Furcal, a free-agent addition brought in to play second base, has been on the DL all season with a left hamstring strain. While on rehab assignment in late April, the veteran sprained his right groin.
Slumping Salty continues to adjust to NL pitching
MIAMI -- Good months happen, and so do poor ones for everyday players.
Miami catcher Jarrod Saltalamacchia finds himself struggling through a rough May, in which he's hitting .184 (14-for-76) with one home run and eight RBIs entering Saturday.
The rough patch came after he batted .301 with six doubles, five homers and nine RBIs in April.
Overall, the switch-hitting catcher is batting .242 with six homers and 17 RBIs.
"It happens," Saltalamacchia said. "I've had this where I've gone a month, I've gone a second half like this. The biggest thing for me right now is just trying to get familiar with the other team and how they want to pitch me -- the shifts and stuff."
When Saltalamacchia played for the Red Sox, he was used to being shifted when he batted from the left side. What he is still familiarizing himself with is the pitching in the National League. Teams have adjusted to Saltalamacchia, and he is in the progress of doing the same to the opposition.

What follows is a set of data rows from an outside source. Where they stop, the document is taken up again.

lemma affine_if_locally_affine:
  fixes f :: "real \<Rightarrow> real"
  assumes ab: "a < b" and cont: "continuous_on {a..b} f"
    and loc: "\<And>s. a < s \<Longrightarrow> s < b \<Longrightarrow> \<exists>e>0. \<exists>m. \<forall>x. \<bar>x - s\<bar> < e \<longrightarrow> f x = f s + m * (x - s)"
  shows "\<exists>m c. \<forall>x\<in>{a..b}. f x = m * x + c"
proof -
  have der: "DERIV f x :> deriv f x" if x: "a < x" "x < b" for x
  proof -
    obtain e m where e: "e > 0" and fm: "\<forall>y. \<bar>y - x\<bar> < e \<longrightarrow> f y = f x + m * (y - x)"
      using loc[OF x] by blast
    have "DERIV f x :> m"
      by (rule affine_has_real_derivative[of "x - e" x "x + e" f "f x - m * x" m]) (use e fm in \<open>auto simp: algebra_simps\<close>)
    then show ?thesis using DERIV_imp_deriv by metis
  qed
  have der0: "DERIV (deriv f) x :> 0" if x: "a < x" "x < b" for x
  proof -
    obtain e m where e: "e > 0" and fm: "\<forall>y. \<bar>y - x\<bar> < e \<longrightarrow> f y = f x + m * (y - x)"
      using loc[OF x] by blast
    have dm: "deriv f y = m" if y: "\<bar>y - x\<bar> < e" for y
    proof -
      have "DERIV f y :> m"
        by (rule affine_has_real_derivative[of "x - e" y "x + e" f "f x - m * x" m]) (use e fm y in \<open>auto simp: algebra_simps\<close>)
      then show ?thesis by (rule DERIV_imp_deriv)
    qed
    have "((\<lambda>y. m) has_real_derivative 0) (at x)" by simp
    then show ?thesis
      by (rule has_field_derivative_transform_within_open[of _ _ _ "{x - e <..< x + e}"])
         (use e dm in auto)
  qed
  define c where "c = (a + b) / 2"
  have c: "a < c" "c < b" using ab by (auto simp: c_def)
  define m0 where "m0 = deriv f c"
  have dc: "deriv f x = m0" if "a < x" "x < b" for x
    unfolding m0_def using DERIV_isconst3[of a b x c "deriv f"] der0 that c by auto
  have cont_diff: "continuous_on {a..b} (\<lambda>x. f x - m0 * x)"
    using cont by (intro continuous_intros)
  have h: "f x - m0 * x = f a - m0 * a" if "a \<le> x" "x \<le> b" for x
  proof (rule DERIV_isconst2[OF ab cont_diff, of x, simplified])
    fix y assume y: "a < y" "y < b"
    have "DERIV f y :> m0" using der[OF y] dc[OF y] by simp
    then have "DERIV (\<lambda>x. f x - m0 * x) y :> m0 - m0 * 1"
      by (intro derivative_intros) auto
    then show "DERIV (\<lambda>x. f x - m0 * x) y :> 0" by simp
  qed (use that in auto)
  show ?thesis using h by (intro exI[of _ m0] exI[of _ "f a - m0 * a"]) (auto simp: algebra_simps)
qed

"The pitching is a little different, so I have to get familiar with that," he said. "My main concern, and what I've put a lot of energy in, is our staff. We've been winning. That's all that matters."
While in Boston, the catcher could aim for a shot off the Green Monster in left field to collect a hit from time to time.
"I don't have the left-field wall to just pepper off of," he said. "I have some changes to make."